# Acquiring Your Data

## Introduction to Data Acquisition

Data acquisition is the first critical step in the data analytics process. It involves gathering raw data from multiple sources, then transforming it into a format suitable for further analysis and processing. Understanding this process is essential because the quality, structure, and relevance of the data directly influence the outcomes of any analytics project.

Data acquisition is the method of collecting, measuring, and analyzing information from various sources.

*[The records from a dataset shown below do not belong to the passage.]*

lemma has_real_derivative_div_sqrt_one_add_square:
  fixes x :: real
  shows "((\<lambda>x. x / sqrt (1 + x\<^sup>2)) has_real_derivative 1 / sqrt (1 + x\<^sup>2) ^ 3) (at x)"
proof -
  define X where "X = sqrt (1 + x\<^sup>2)"
  have X: "X > 0" "X\<^sup>2 = 1 + x\<^sup>2"
    unfolding X_def by (simp_all add: add_pos_nonneg)
  have "((\<lambda>x. x / sqrt (1 + x\<^sup>2)) has_real_derivative (1 * X - x * (x / X)) / X\<^sup>2) (at x)"
    using DERIV_divide[OF DERIV_ident has_real_derivative_sqrt_one_add_square] X
    by (simp add: X_def power2_eq_square)
  also have "(1 * X - x * (x / X)) / X\<^sup>2 = (X\<^sup>2 - x\<^sup>2) / X ^ 3"
    using X(1) by (simp add: field_simps power2_eq_square power3_eq_cube)
  finally show ?thesis
    using X by (simp add: X_def)
qed

lemma has_real_derivative_affine_div_sqrt_one_add_square:
  fixes s c x y :: real
  assumes "s > 0"
  shows "((\<lambda>x. (y + x * c) / (s * sqrt (1 + x\<^sup>2))) has_real_derivative
            (c - x * y) / (s * sqrt (1 + x\<^sup>2) ^ 3)) (at x)"
proof -
  define X where "X = sqrt (1 + x\<^sup>2)"
  have X: "X > 0" "X\<^sup>2 = 1 + x\<^sup>2"
    unfolding X_def by (simp_all add: add_pos_nonneg)
  have "((\<lambda>x. y + x * c) has_real_derivative c) (at x)"
    by (auto intro!: derivative_eq_intros)
  moreover have "((\<lambda>x. s * sqrt (1 + x\<^sup>2)) has_real_derivative s * (x / X)) (at x)"
    unfolding X_def by (rule DERIV_cmult[OF has_real_derivative_sqrt_one_add_square])
  ultimately have "((\<lambda>x. (y + x * c) / (s * sqrt (1 + x\<^sup>2))) has_real_derivative
            (c * (s * X) - (y + x * c) * (s * (x / X))) / (s * X * (s * X))) (at x)"
    using X(1) assms by (auto dest: DERIV_divide simp: X_def[symmetric])
  also have "(c * (s * X) - (y + x * c) * (s * (x / X))) / (s * X * (s * X))
      = (c * X\<^sup>2 - (y + x * c) * x) / (s * X ^ 3)"
    using X(1) assms by (simp add: field_simps power2_eq_square power3_eq_cube)
  also have "c * X\<^sup>2 - (y + x * c) * x = c - x * y"
    using X(2) by (simp add: algebra_simps power2_eq_square)
  finally show ?thesis
    by (simp add: X_def)
qed

lemma has_real_derivative_arctan_affine_div_sqrt_one_add_square:
  fixes s c x y :: real
  assumes "s > 0" "s\<^sup>2 + c\<^sup>2 = 1"
  shows "((\<lambda>x. arctan ((y + x * c) / (s * sqrt (1 + x\<^sup>2)))) has_real_derivative
           s * (c - x * y) / (sqrt (1 + x\<^sup>2) * (s\<^sup>2 + x\<^sup>2 + y\<^sup>2 + 2 * x * y * c))) (at x)"
proof -
  define X Q where "X = sqrt (1 + x\<^sup>2)" and "Q = s\<^sup>2 + x\<^sup>2 + y\<^sup>2 + 2 * x * y * c"
  have "X > 0" "Q > 0"
    using sin_cos_quadratic_pos[OF assms] by (simp_all add: X_def Q_def add_pos_nonneg)
  have "inverse (1 + ((y + x * c) / (s * X))\<^sup>2) * ((c - x * y) / (s * X ^ 3)) = s * (c - x * y) / (X * Q)"
    unfolding one_add_square_affine_div_sqrt[OF assms, where x = x and y = y, folded X_def Q_def]
    using assms(1) \<open>X > 0\<close> \<open>Q > 0\<close> by (simp add: field_simps power2_eq_square power3_eq_cube)
  then show ?thesis
    unfolding X_def Q_def
    by (rule DERIV_cong[OF DERIV_chain2[OF DERIV_arctan
          has_real_derivative_affine_div_sqrt_one_add_square[OF assms(1)]]])
qed

lemma has_real_derivative_bigon_curv_fst:
  fixes s c x y :: real
  assumes s: "s > 0" and sc: "s\<^sup>2 + c\<^sup>2 = 1"
  shows "((\<lambda>x. bigon_curv s c x y) has_real_derivative
           2 * (pi / 2 - arctan ((y + x * c) / (s * sqrt (1 + x\<^sup>2)))) / sqrt (1 + x\<^sup>2) ^ 3
           - 2 * s * x * (c - x * y) / ((1 + x\<^sup>2) * (s\<^sup>2 + x\<^sup>2 + y\<^sup>2 + 2 * x * y * c))) (at x)"
proof -
  define X where "X = sqrt (1 + x\<^sup>2)"
  define Q where "Q = s\<^sup>2 + x\<^sup>2 + y\<^sup>2 + 2 * x * y * c"
  have "X > 0" "X * X = 1 + x\<^sup>2" "Q > 0"
    using sin_cos_quadratic_pos[OF s sc]
    by (simp_all add: X_def Q_def add_pos_nonneg flip: power2_eq_square)
  have "((\<lambda>x. 2 * (pi / 2 - arctan ((y + x * c) / (s * sqrt (1 + x\<^sup>2))))) has_real_derivative
          2 * (0 - s * (c - x * y) / (X * Q))) (at x)"
    unfolding X_def Q_def
    by (intro DERIV_cmult DERIV_diff DERIV_const has_real_derivative_arctan_affine_div_sqrt_one_add_square s sc)
  from DERIV_mult[OF this has_real_derivative_div_sqrt_one_add_square]
  have "((\<lambda>x. bigon_curv s c x y) has_real_derivative
      2 * (0 - s * (c - x * y) / (X * Q)) * (x / X)
      + 1 / X ^ 3 * (2 * (pi / 2 - arctan ((y + x * c) / (s * X))))) (at x)"
    by (simp add: bigon_curv_def X_def)
  moreover have "2 * (0 - s * (c - x * y) / (X * Q)) * (x / X) = - 2 * s * x * (c - x * y) / ((X * X) * Q)"
    using \<open>X > 0\<close> \<open>Q > 0\<close> by (simp add: field_simps)
  ultimately show ?thesis
    unfolding \<open>X * X = 1 + x\<^sup>2\<close> by (simp add: X_def Q_def)
qed

lemma has_real_derivative_bigon_curv_snd:
  fixes s c x y :: real
  assumes s: "s > 0" and sc: "s\<^sup>2 + c\<^sup>2 = 1"
  shows "((\<lambda>y. bigon_curv s c x y) has_real_derivative
           - 2 * x * s / (s\<^sup>2 + x\<^sup>2 + y\<^sup>2 + 2 * x * y * c)) (at y)"
proof -
  define X Q where "X = sqrt (1 + x\<^sup>2)" and "Q = s\<^sup>2 + x\<^sup>2 + y\<^sup>2 + 2 * x * y * c"
  have "X > 0" "Q > 0"
    using sin_cos_quadratic_pos[OF s sc] by (simp_all add: X_def Q_def add_pos_nonneg)
  have "((\<lambda>y. (y + x * c) / (s * X)) has_real_derivative 1 / (s * X)) (at y)"
    using s \<open>X > 0\<close> by (auto intro!: derivative_eq_intros)
  moreover have "inverse (1 + ((y + x * c) / (s * X))\<^sup>2) * (1 / (s * X)) = s * X / Q"
    unfolding one_add_square_affine_div_sqrt[OF s sc, where x = x and y = y, folded X_def Q_def]
    using s \<open>X > 0\<close> \<open>Q > 0\<close> by (simp add: field_simps power2_eq_square)
  ultimately have "((\<lambda>y. arctan ((y + x * c) / (s * X))) has_real_derivative s * X / Q) (at y)"
    by (metis DERIV_chain2 DERIV_arctan)
  then have "((\<lambda>y. 2 * (pi / 2 - arctan ((y + x * c) / (s * X))) * (x / X)) has_real_derivative
          2 * (0 - s * X / Q) * (x / X)) (at y)"
    by (intro DERIV_cmult DERIV_cmult_right DERIV_diff DERIV_const)
  moreover have "2 * (0 - s * X / Q) * (x / X) = - 2 * x * s / Q"
    using \<open>X > 0\<close> by simp
  ultimately show ?thesis
    by (simp add: bigon_curv_def X_def Q_def)
qed

lemma arctan_add_div_less_pi_half:
  fixes u :: real
  shows "arctan u + u / (1 + u\<^sup>2) < pi / 2"
proof (cases "u > 0")
  case False
  then have "u / (1 + u\<^sup>2) \<le> 0"
    by (simp add: divide_nonpos_pos add_pos_nonneg)
  with arctan_ubound[of u] show ?thesis by linarith
next
  case True
  define v where "v = pi / 2 - arctan u"
  have "v > 0"
    using arctan_ubound[of u] by (simp add: v_def)
  have "u / (1 + u\<^sup>2) = sin v * cos v"
    by (simp add: v_def sin_diff cos_diff sin_arctan cos_arctan power2_eq_square)
  also have "\<dots> < sin v"
  proof -
    have "v < pi / 2"
      using True by (simp add: v_def)
    then have "sin v > 0" "cos v < 1"
      using \<open>v > 0\<close> cos_monotone_0_pi[of 0 v] by (auto intro: sin_gt_zero)
    then show ?thesis by simp
  qed
  also have "\<dots> \<le> v"
    using sin_x_le_x \<open>v > 0\<close> by simp
  finally show ?thesis
    unfolding v_def by linarith
qed

definition bigon_coupling :: "real \<Rightarrow> real \<Rightarrow> real \<Rightarrow> real \<Rightarrow> real" where
  "bigon_coupling s c x y = 2 * x * y * s / (s\<^sup>2 + x\<^sup>2 + y\<^sup>2 + 2 * x * y * c)"

definition bigon_excess :: "real \<Rightarrow> real \<Rightarrow> real \<Rightarrow> real \<Rightarrow> real" where
  "bigon_excess s c x y =
     (let u = (y + x * c) / (s * sqrt (1 + x\<^sup>2))
      in 2 * x * (pi / 2 - arctan u - u / (1 + u\<^sup>2)) / sqrt (1 + x\<^sup>2) ^ 3)"

lemma bigon_coupling_commute: "bigon_coupling s c x y = bigon_coupling s c y x"
  by (simp add: bigon_coupling_def algebra_simps)

lemma bigon_coupling_pos:
  fixes s c x y :: real
  assumes "s > 0" "s\<^sup>2 + c\<^sup>2 = 1" "x > 0" "y > 0"
  shows "bigon_coupling s c x y > 0"
  using assms sin_cos_quadratic_pos[OF assms(1,2), of x y] by (simp add: bigon_coupling_def)

lemma bigon_excess_pos:
  fixes s c x y :: real
  assumes "x > 0"
  shows "bigon_excess s c x y > 0"
proof -
  define u where "u = (y + x * c) / (s * sqrt (1 + x\<^sup>2))"
  have "pi / 2 - arctan u - u / (1 + u\<^sup>2) > 0"
    using arctan_add_div_less_pi_half[of u] by linarith
  then show ?thesis
    unfolding bigon_excess_def Let_def u_def[symmetric] using assms by (simp add: add_pos_nonneg)
qed

lemma has_real_derivative_bigon_curv_log_fst:
  fixes s c y K :: real
  assumes s: "s > 0" and sc: "s\<^sup>2 + c\<^sup>2 = 1"
  shows "((\<lambda>k. bigon_curv s c (exp k) y) has_real_derivative
           bigon_excess s c (exp K) y + bigon_coupling s c (exp K) y) (at K)"
proof -
  define x X Q u where "x = exp K" and "X = sqrt (1 + x\<^sup>2)"
    and "Q = s\<^sup>2 + x\<^sup>2 + y\<^sup>2 + 2 * x * y * c" and "u = (y + x * c) / (s * X)"
  have "X > 0" "X ^ 3 = X * (1 + x\<^sup>2)"
    by (simp_all add: X_def add_pos_nonneg power3_eq_cube flip: power2_eq_square)
  have "Q > 0"
    unfolding Q_def using s sc by (rule sin_cos_quadratic_pos)
  have "1 + u\<^sup>2 = Q / (s * X)\<^sup>2"
    unfolding u_def by (rule one_add_square_affine_div_sqrt[OF s sc, where x = x and y = y, folded X_def Q_def])
  then have u_frac: "u / (1 + u\<^sup>2) = s * X * (y + x * c) / Q"
    unfolding u_def using s \<open>X > 0\<close> \<open>Q > 0\<close> by (simp add: field_simps power2_eq_square)
  define P where "P = 1 + x\<^sup>2"
  have "P > 0" "X ^ 3 = X * P"
    using \<open>X ^ 3 = X * (1 + x\<^sup>2)\<close> by (simp_all add: P_def add_pos_nonneg)
  have "(2 * (pi / 2 - arctan u) / X ^ 3 - 2 * s * x * (c - x * y) / (P * Q)) * x
      = bigon_excess s c x y + bigon_coupling s c x y"
    unfolding bigon_excess_def bigon_coupling_def Let_def X_def[symmetric] u_def[symmetric]
      Q_def[symmetric] u_frac \<open>X ^ 3 = X * P\<close>
    using s \<open>X > 0\<close> \<open>Q > 0\<close> \<open>P > 0\<close> by (simp add: field_simps) (unfold P_def, algebra)
  then show ?thesis
    unfolding x_def X_def Q_def u_def P_def
    by (rule DERIV_cong[OF DERIV_chain2[OF has_real_derivative_bigon_curv_fst[OF s sc] DERIV_exp]])
qed

lemma has_real_derivative_bigon_curv_log_snd:
  fixes s c x L :: real
  assumes "s > 0" "s\<^sup>2 + c\<^sup>2 = 1"
  shows "((\<lambda>l. bigon_curv s c x (exp l)) has_real_derivative - bigon_coupling s c x (exp L)) (at L)"
  by (rule DERIV_cong[OF DERIV_chain2[OF has_real_derivative_bigon_curv_snd[OF assms] DERIV_exp]])
    (simp add: bigon_coupling_def)

lemma quadratic_form_pos_if_diagonally_dominant:
  fixes a b d u v :: real
  assumes "\<bar>b\<bar> < a" "\<bar>b\<bar> < d" "(u, v) \<noteq> (0, 0)"
  shows "u * (a * u + b * v) + v * (b * u + d * v) > 0"
proof -
  have "0 \<le> \<bar>b\<bar> * (\<bar>u\<bar> - \<bar>v\<bar>)\<^sup>2"
    by simp
  moreover have "0 < (a - \<bar>b\<bar>) * u\<^sup>2 + (d - \<bar>b\<bar>) * v\<^sup>2"
    using assms by (auto intro: add_pos_nonneg add_nonneg_pos)
  moreover have "- (2 * \<bar>b\<bar> * \<bar>u\<bar> * \<bar>v\<bar>) \<le> 2 * b * u * v"
    by (auto simp: abs_mult[symmetric] abs_le_iff)
  ultimately show ?thesis
    by (simp add: algebra_simps power2_eq_square)
qed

In the context of data analytics, it means gathering data from:
- **Internal data**
- **APIs**: These allow you to retrieve data in real time from online services like weather information, financial markets, social media platforms, and more.
- **Online Datasets**: Repositories such as Kaggle, UCI Machine Learning Repository, and governmental portals offer pre-curated datasets in multiple formats (CSV, JSON, XML, Excel, etc.).
- **Web Scraping**: When the required data is available on websites, web scraping techniques can be employed to extract unstructured data directly from HTML pages.
- **Databases**: Structured data stored in relational databases (e.g., MySQL, PostgreSQL, SQLite) or NoSQL databases can be accessed using query languages like SQL or through specialized connectors.

There are four methods of acquiring data: 
- collecting new data; 
- converting/transforming legacy data; 
- sharing/exchanging data; 
- and purchasing data.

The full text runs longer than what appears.